Together Mansen and Doe will have to untangle the mystery surrounding them and Sapphire Lake if they ever want to live free. But are they ready for what they’re about to face. Thrills, spills, and… tails?
Main Tropes
- Mermaids
- Small Town Romance
- Viking Romance
Read Chapter One
Read Chapter One
It was time. Once again, it was time.
Mansen of Ragalen felt the call of the moon above him and the song of the jewels buried deep in the bottom of Sapphire Lake. And the glimmering lights of the Aurora. Together, their pull was irresistible, a powerful chain jerking him out of the deep slumber he’d committed to.
There was a time when the change excited him. The idea of waking and moving from the water to the land. The process of his body becoming fully human again. His fins pulling away to become legs again. The mere chance that he might find his mate and break the curse put upon him and his people… it used to strengthen him and give him hope. Made him feel fierce again, like the battle-ready warrior he used to be.
Now? Now the change just bored him.
It was an endless cycle he couldn’t escape from.

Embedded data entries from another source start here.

lemma ldiffs_diff_const:
  "gs \<noteq> [] \<Longrightarrow> ldiffs G gs (\<lambda>x. f x - c) = ldiffs G gs f"
proof (induction gs)
  case (Cons g gs)
  show ?case
  proof (cases "gs = []")
    case True
    then show ?thesis by (simp add: ldiff_def)
  next
    case False
    then show ?thesis using Cons.IH by simp
  qed
qed simp

lemma poly_deg_le_diff_const_iff: "poly_deg_le G (\<lambda>x. f x - c) n \<longleftrightarrow> poly_deg_le G f n"
  unfolding poly_deg_le_def by (metis ldiffs_diff_const list.size(3) nat.distinct(1))

context group
begin

lemma ldiffs_cong:
  assumes "\<And>x. x \<in> carrier G \<Longrightarrow> f x = f' x" "set gs \<subseteq> carrier G" "h \<in> carrier G"
  shows "ldiffs G gs f h = ldiffs G gs f' h"
  using assms(2,3) by (induction gs arbitrary: h) (auto simp: ldiff_def assms(1))

lemma poly_deg_le_cong:
  assumes "\<And>x. x \<in> carrier G \<Longrightarrow> f x = f' x"
  shows "poly_deg_le G f n \<longleftrightarrow> poly_deg_le G f' n"
  unfolding poly_deg_le_def using ldiffs_cong[OF assms] by auto

lemma ldiff_rdiff_commute:
  assumes "g \<in> carrier G" "k \<in> carrier G" "h \<in> carrier G"
  shows "ldiff G g (rdiff G k f) h = rdiff G k (ldiff G g f) h"
  using assms by (simp add: ldiff_def rdiff_def m_assoc)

Three eager days of living as a human, searching desperately for the female meant for him. The one who would bring him out of the despairing lake for good. The one who could see his glamour mark. The one nobody else could see, that marked him as an ancient Merman.

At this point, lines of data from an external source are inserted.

(* Consider one group of $p'$ PEs holding locally sorted string arrays $S_0',\dots,S_{p'-1}'$ with concatenation $S'$, partitioned into $r$ buckets by string-based regular sampling with sampling factor $v>0$, where $\omega=|S'|/(p'(v+1))$ need not be an integer and samples are drawn with spacing $\lceil\omega\rceil$. If $k\ge1$ and $|S'|=\Omega(p'(v+1)k)$, then every bucket $B^j$ contains at most $\bigl(1+\frac{r}{v}\bigr)\bigl(1+\frac1k\bigr)\frac{|S'|}{r}$ strings.
   Context: String-based regular sampling with sampling factor $v$ (where $r$ divides $p'$): $p'(v+1)$ samples (possibly overlapping) are drawn from the sorted local arrays such that on each PE at most $\lceil\omega\rceil$ strings lie between two consecutive local samples, where $\omega=|S'|/(p'(v+1))$; PE $i$'s samples are $V_i$. The union $V$ of all samples is sorted and splitters $f_j=V[j|V|/r-1]$ for $0<j<r$ are chosen, $f_0=-\infty$, $f_r=\infty$. Buckets are $B^j=\bigcup_i\{s\in S_i':f_j<s\le f_{j+1}\}$, $j=0,\dots,r-1$.
   Formalization: All strings of $S'$ are pairwise distinct, on each PE at most $\lceil\omega\rceil$ strings also lie before the first and after the last local sample, and $|S'|=\Omega(p'(v+1)k)$ means $|S'|$ is at least one fixed positive multiple of $p'(v+1)k$. The paper assumes this as well. *)

theory Defs
  imports Complex_Main "HOL-Library.List_Lexorder"
begin

text \<open>Strings are lists over a linearly ordered alphabet, compared
lexicographically (HOL-Library.List_Lexorder).  PE i (i < p) holds the locally
sorted array S i; the samples of PE i are given by the list P i of positions
into S i (nondecreasing; equal positions = overlapping samples).\<close>

text \<open>Sampling condition with spacing w: with virtual sentinels at position -1
and at position len, at most w strings lie strictly between two consecutive
(local) samples.\<close>
definition gaps_ok :: "nat \<Rightarrow> nat \<Rightarrow> nat list \<Rightarrow> bool" where
  "gaps_ok w len P \<longleftrightarrow> sorted P \<and> (\<forall>t\<in>set P. t < len) \<and>
     (let e = (-1::int) # map int P @ [int len]
      in \<forall>t < length e - 1. e ! Suc t - e ! t - 1 \<le> int w)"

definition samples :: "nat \<Rightarrow> (nat \<Rightarrow> 'a::linorder list) \<Rightarrow> (nat \<Rightarrow> nat list) \<Rightarrow> 'a list" where
  "samples p S P = sort (concat (map (\<lambda>i. map (\<lambda>t. S i ! t) (P i)) [0..<p]))"

definition splitter :: "'a list \<Rightarrow> nat \<Rightarrow> nat \<Rightarrow> 'a" where
  "splitter V r j = V ! (j * length V div r - 1)"

text \<open>Membership in bucket j (0 \<le> j < r), with f_0 = -\<infinity> and f_r = \<infinity>.\<close>
definition in_bucket :: "'a::linorder list \<Rightarrow> nat \<Rightarrow> nat \<Rightarrow> 'a \<Rightarrow> bool" where
  "in_bucket V r j s \<longleftrightarrow>
     (j = 0 \<or> splitter V r j < s) \<and> (Suc j = r \<or> s \<le> splitter V r (Suc j))"

definition bucket_size :: "nat \<Rightarrow> (nat \<Rightarrow> 'a::linorder list) \<Rightarrow> 'a list \<Rightarrow> nat \<Rightarrow> nat \<Rightarrow> nat" where
  "bucket_size p S V r j =
     card {(i, t). i < p \<and> t < length (S i) \<and> in_bucket V r j (S i ! t)}"

end

theory Submission
  imports Defs
begin

(* Let w = \<lceil>\<omega>\<rceil>. Every w + 1 consecutive positions of a local array contain a
   sample, and the strings of PE i that fall into bucket j occupy a contiguous run of
   its sorted array; so the run has at most (w + 1) c_i + w strings, where c_i counts
   the samples of PE i inside it. Since all strings are distinct, these samples are
   distinct elements of V lying between two consecutive splitters, so their total
   number is at most |V|/r. Summing over the p' PEs gives
   |B^j| \<le> (w + 1) |V|/r + p' w, and w \<le> \<omega> + 1 together with |V| = p'(v + 1) and
   |S'| \<ge> 2 p'(v + 1) k (so c = 2) turns this into the stated bound. *)

lemma int_seq_crossing:
  fixes f :: "nat \<Rightarrow> int"
  assumes "f 0 < a" and "a \<le> f n"
  shows "\<exists>t<n. f t < a \<and> a \<le> f (Suc t)"
  using assms(2)
proof (induction n)
  case 0
  with assms(1) show ?case by simp
next
  case (Suc n)
  show ?case
  proof (cases "a \<le> f n")
    case True
    with Suc.IH show ?thesis using less_SucI by blast
  next
    case False
    with Suc.prems show ?thesis by auto
  qed
qed

definition meets_windows :: "nat \<Rightarrow> nat \<Rightarrow> nat set \<Rightarrow> bool" where
  "meets_windows w len Q \<longleftrightarrow> (\<forall>a. a + w < len \<longrightarrow> (\<exists>q\<in>Q. a \<le> q \<and> q \<le> a + w))"

lemma gaps_ok_imp_meets_windows:
  assumes "gaps_ok w len P"
  shows "meets_windows w len (set P)"
  unfolding meets_windows_def
proof (intro allI impI)
  fix a assume a: "a + w < len"
  define e where "e = (-1::int) # map int P @ [int len]"
  have gap: "e ! Suc t - e ! t - 1 \<le> int w" if "t \<le> length P" for t
    using assms that unfolding gaps_ok_def e_def Let_def by simp
  have "e ! 0 < int a" "int a \<le> e ! (length P + 1)"
    using a by (simp_all add: e_def nth_append)
  then obtain t where t: "t < length P + 1" "e ! t < int a" "int a \<le> e ! Suc t"
    using int_seq_crossing[of "(!) e"] by blast
  then have up: "e ! Suc t \<le> int a + int w"
    using gap[of t] by linarith
  show "\<exists>q\<in>set P. a \<le> q \<and> q \<le> a + w"
  proof (cases "t = length P")
    case True
    then have "e ! Suc t = int len" by (simp add: e_def nth_append)
    with up a show ?thesis by simp
  next
    case False
    with t have "t < length P" "e ! Suc t = int (P ! t)" by (simp_all add: e_def nth_append)
    with up t show ?thesis by (intro bexI[of _ "P ! t"]) auto
  qed
qed

lemma card_interval_le_meets_windows:
  assumes Q: "meets_windows w len Q" and "b \<le> len"
  shows "card {a..<b} \<le> (w + 1) * card (Q \<inter> {a..<b}) + w"
  using assms(2)
proof (induction "b - a" arbitrary: a rule: less_induct)
  case less
  show ?case
  proof (cases "b - a \<le> w")
    case True
    then show ?thesis by simp
  next
    case False
    then have "a + w < len" using less.prems by linarith
    then obtain q where q: "q \<in> Q" "a \<le> q" "q \<le> a + w"
      using Q unfolding meets_windows_def by blast
    with False have qb: "q < b" by linarith
    have IH: "card {Suc q..<b} \<le> (w + 1) * card (Q \<inter> {Suc q..<b}) + w"
      using less q qb by simp
    have "insert q (Q \<inter> {Suc q..<b}) \<subseteq> Q \<inter> {a..<b}"
      using q qb by auto
    then have "card (insert q (Q \<inter> {Suc q..<b})) \<le> card (Q \<inter> {a..<b})"
      by (intro card_mono) auto
    then have "(w + 1) * Suc (card (Q \<inter> {Suc q..<b})) \<le> (w + 1) * card (Q \<inter> {a..<b})"
      by (intro mult_le_mono2) simp
    moreover have "card {a..<b} = (Suc q - a) + card {Suc q..<b}" "Suc q - a \<le> w + 1"
      using q qb by auto
    ultimately show ?thesis
      using IH by simp
  qed
qed

lemma card_convex_le_meets_windows:
  assumes Q: "meets_windows w len Q" and T: "T \<subseteq> {..<len}"
    and convex: "\<And>x y z. x \<in> T \<Longrightarrow> z \<in> T \<Longrightarrow> x \<le> y \<Longrightarrow> y \<le> z \<Longrightarrow> y \<in> T"
  shows "card T \<le> (w + 1) * card (Q \<inter> T) + w"
proof (cases "T = {}")
  case True
  then show ?thesis by simp
next
  case False
  have fin: "finite T" using T finite_subset by blast
  have interval: "T = {Min T..<Suc (Max T)}"
    using fin False by (auto intro: convex[OF Min_in Max_in] simp: less_Suc_eq_le)
  have "Suc (Max T) \<le> len"
    using T fin False by (meson Max_in Suc_leI lessThan_iff subsetD)
  from card_interval_le_meets_windows[OF Q this, of "Min T"] interval show ?thesis
    by simp
qed

lemma card_convex_positions_le:
  assumes xs: "sorted xs" and P: "gaps_ok w (length xs) P"
    and convex: "\<And>x y z. B x \<Longrightarrow> B z \<Longrightarrow> x \<le> y \<Longrightarrow> y \<le> z \<Longrightarrow> B y"
  shows "card {t. t < length xs \<and> B (xs ! t)} \<le> (w + 1) * card {t \<in> set P. B (xs ! t)} + w"
proof -
  let ?T = "{t. t < length xs \<and> B (xs ! t)}"
  have "set P \<inter> ?T = {t \<in> set P. B (xs ! t)}"
    using P unfolding gaps_ok_def by auto
  moreover have "card ?T \<le> (w + 1) * card (set P \<inter> ?T) + w"
  proof (rule card_convex_le_meets_windows[OF gaps_ok_imp_meets_windows[OF P]])
    fix x y z assume x: "x \<in> ?T" and z: "z \<in> ?T" and "x \<le> y" "y \<le> z"
    then have "y < length xs" "xs ! x \<le> xs ! y" "xs ! y \<le> xs ! z"
      using sorted_nth_mono[OF xs] by auto
    with x z convex show "y \<in> ?T" by blast
  qed auto
  ultimately show ?thesis by simp
qed

lemma in_bucket_convex:
  "in_bucket V r j x \<Longrightarrow> in_bucket V r j z \<Longrightarrow> x \<le> y \<Longrightarrow> y \<le> z \<Longrightarrow> in_bucket V r j y"
  unfolding in_bucket_def by (meson order_less_le_trans order_trans)

lemma inj_on_concat_nth:
  assumes "distinct (concat (map S [0..<p]))"
  shows "inj_on (\<lambda>(i, t). S i ! t) (SIGMA i:{..<p}. {..<length (S i)})"
  using assms
proof (induction p)
  case 0
  then show ?case by simp
next
  case (Suc p)
  let ?f = "\<lambda>(i, t). S i ! t"
  have split: "(SIGMA i:{..<Suc p}. {..<length (S i)})
      = (SIGMA i:{..<p}. {..<length (S i)}) \<union> {p} \<times> {..<length (S p)}"
    by (auto simp: less_Suc_eq)
  have "?f ` (SIGMA i:{..<p}. {..<length (S i)}) \<subseteq> set (concat (map S [0..<p]))"
    by force
  moreover have "?f ` ({p} \<times> {..<length (S p)}) \<subseteq> set (S p)"
    by auto
  moreover have "set (concat (map S [0..<p])) \<inter> set (S p) = {}"
    using Suc.prems by simp
  ultimately have disjoint:
    "?f ` (SIGMA i:{..<p}. {..<length (S i)}) \<inter> ?f ` ({p} \<times> {..<length (S p)}) = {}"
    by blast
  moreover have "inj_on ?f (SIGMA i:{..<p}. {..<length (S i)})"
    using Suc by simp
  moreover have "inj_on ?f ({p} \<times> {..<length (S p)})"
    using Suc.prems by (auto simp: inj_on_def nth_eq_iff_index_eq)
  ultimately show ?case
    unfolding split inj_on_Un by blast
qed

lemma card_bucket_values_le:
  assumes V: "sorted V" "length V = r * L" and j: "j < r"
  shows "card {s \<in> set V. in_bucket V r j s} \<le> L"
proof -
  have splitter: "splitter V r i = V ! (i * L - 1)" for i
    using j by (simp add: splitter_def V(2))
  have "{s \<in> set V. in_bucket V r j s} \<subseteq> (!) V ` {j * L..<Suc j * L}"
  proof
    fix x assume "x \<in> {s \<in> set V. in_bucket V r j s}"
    then obtain i where i: "i < r * L" "V ! i = x" and x: "in_bucket V r j x"
      by (auto simp: in_set_conv_nth V(2))
    then have L: "0 < L" by (cases L) simp_all
    have lower: "j * L \<le> i"
    proof (rule ccontr)
      assume below: "\<not> j * L \<le> i"
      then have "j \<noteq> 0" by (metis mult_zero_left zero_le)
      moreover have "j * L \<le> r * L" using j by simp
      with below have "i \<le> j * L - 1" "j * L - 1 < r * L" by linarith+
      ultimately show False
        using x i sorted_nth_mono[OF V(1)] by (auto simp: in_bucket_def splitter V(2) leD)
    qed
    show "x \<in> (!) V ` {j * L..<Suc j * L}"
    proof (cases "i < Suc j * L")
      case True
      with lower i show ?thesis by auto
    next
      case False
      \<comment> \<open>x lies beyond the splitter f_(j+1) in V but not above it, so it equals it\<close>
      then have "Suc j \<noteq> r" using i by auto
      then have "x \<le> V ! (Suc j * L - 1)"
        using x by (simp add: in_bucket_def splitter)
      moreover have "V ! (Suc j * L - 1) \<le> x"
        using False i sorted_nth_mono[OF V(1), of "Suc j * L - 1" i] by (simp add: V(2))
      ultimately have "x = V ! (Suc j * L - 1)" by simp
      with L show ?thesis by (intro image_eqI[of _ _ "Suc j * L - 1"]) auto
    qed
  qed
  then have "card {s \<in> set V. in_bucket V r j s} \<le> card ((!) V ` {j * L..<Suc j * L})"
    by (intro card_mono) auto
  also have "\<dots> \<le> L"
    using card_image_le[of "{j * L..<Suc j * L}" "(!) V"] by simp
  finally show ?thesis .
qed

lemma length_samples: "length (samples p S P) = (\<Sum>i<p. length (P i))"
  by (simp add: samples_def length_concat interv_sum_list_conv_sum_set_nat atLeast0LessThan)

lemma nth_in_samples: "i < p \<Longrightarrow> t \<in> set (P i) \<Longrightarrow> S i ! t \<in> set (samples p S P)"
  by (auto simp: samples_def)

lemma card_bucket_samples_le:
  assumes distinct: "distinct (concat (map S [0..<p]))"
    and P: "\<forall>i<p. \<forall>t\<in>set (P i). t < length (S i)"
    and L: "(\<Sum>i<p. length (P i)) = r * L" and j: "j < r"
  shows "card (SIGMA i:{..<p}. {t \<in> set (P i). in_bucket (samples p S P) r j (S i ! t)}) \<le> L"
proof -
  let ?V = "samples p S P"
  let ?Q = "SIGMA i:{..<p}. {t \<in> set (P i). in_bucket ?V r j (S i ! t)}"
  have "inj_on (\<lambda>(i, t). S i ! t) ?Q"
    by (rule inj_on_subset[OF inj_on_concat_nth[OF distinct]]) (use P in auto)
  then have "card ?Q = card ((\<lambda>(i, t). S i ! t) ` ?Q)"
    by (simp add: card_image)
  also have "\<dots> \<le> card {s \<in> set ?V. in_bucket ?V r j s}"
    by (intro card_mono) (auto simp: nth_in_samples)
  also have "\<dots> \<le> L"
  proof (rule card_bucket_values_le)
    show "sorted ?V" by (simp add: samples_def)
  qed (simp_all add: length_samples L j)
  finally show ?thesis .
qed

The female that he could love forever and make a home with.
A home that wasn’t a watery place where he slept most of his lifetime away.
A real home. With a bed and a fireplace to keep them warm. Where they could eat meals together and eventually raise children together.
Three days of hope before he was pulled back to the lake by that same moon cycle, that same song of the jewels. The same Aurora lights. Back to his watery rest to waste away until the next full moon.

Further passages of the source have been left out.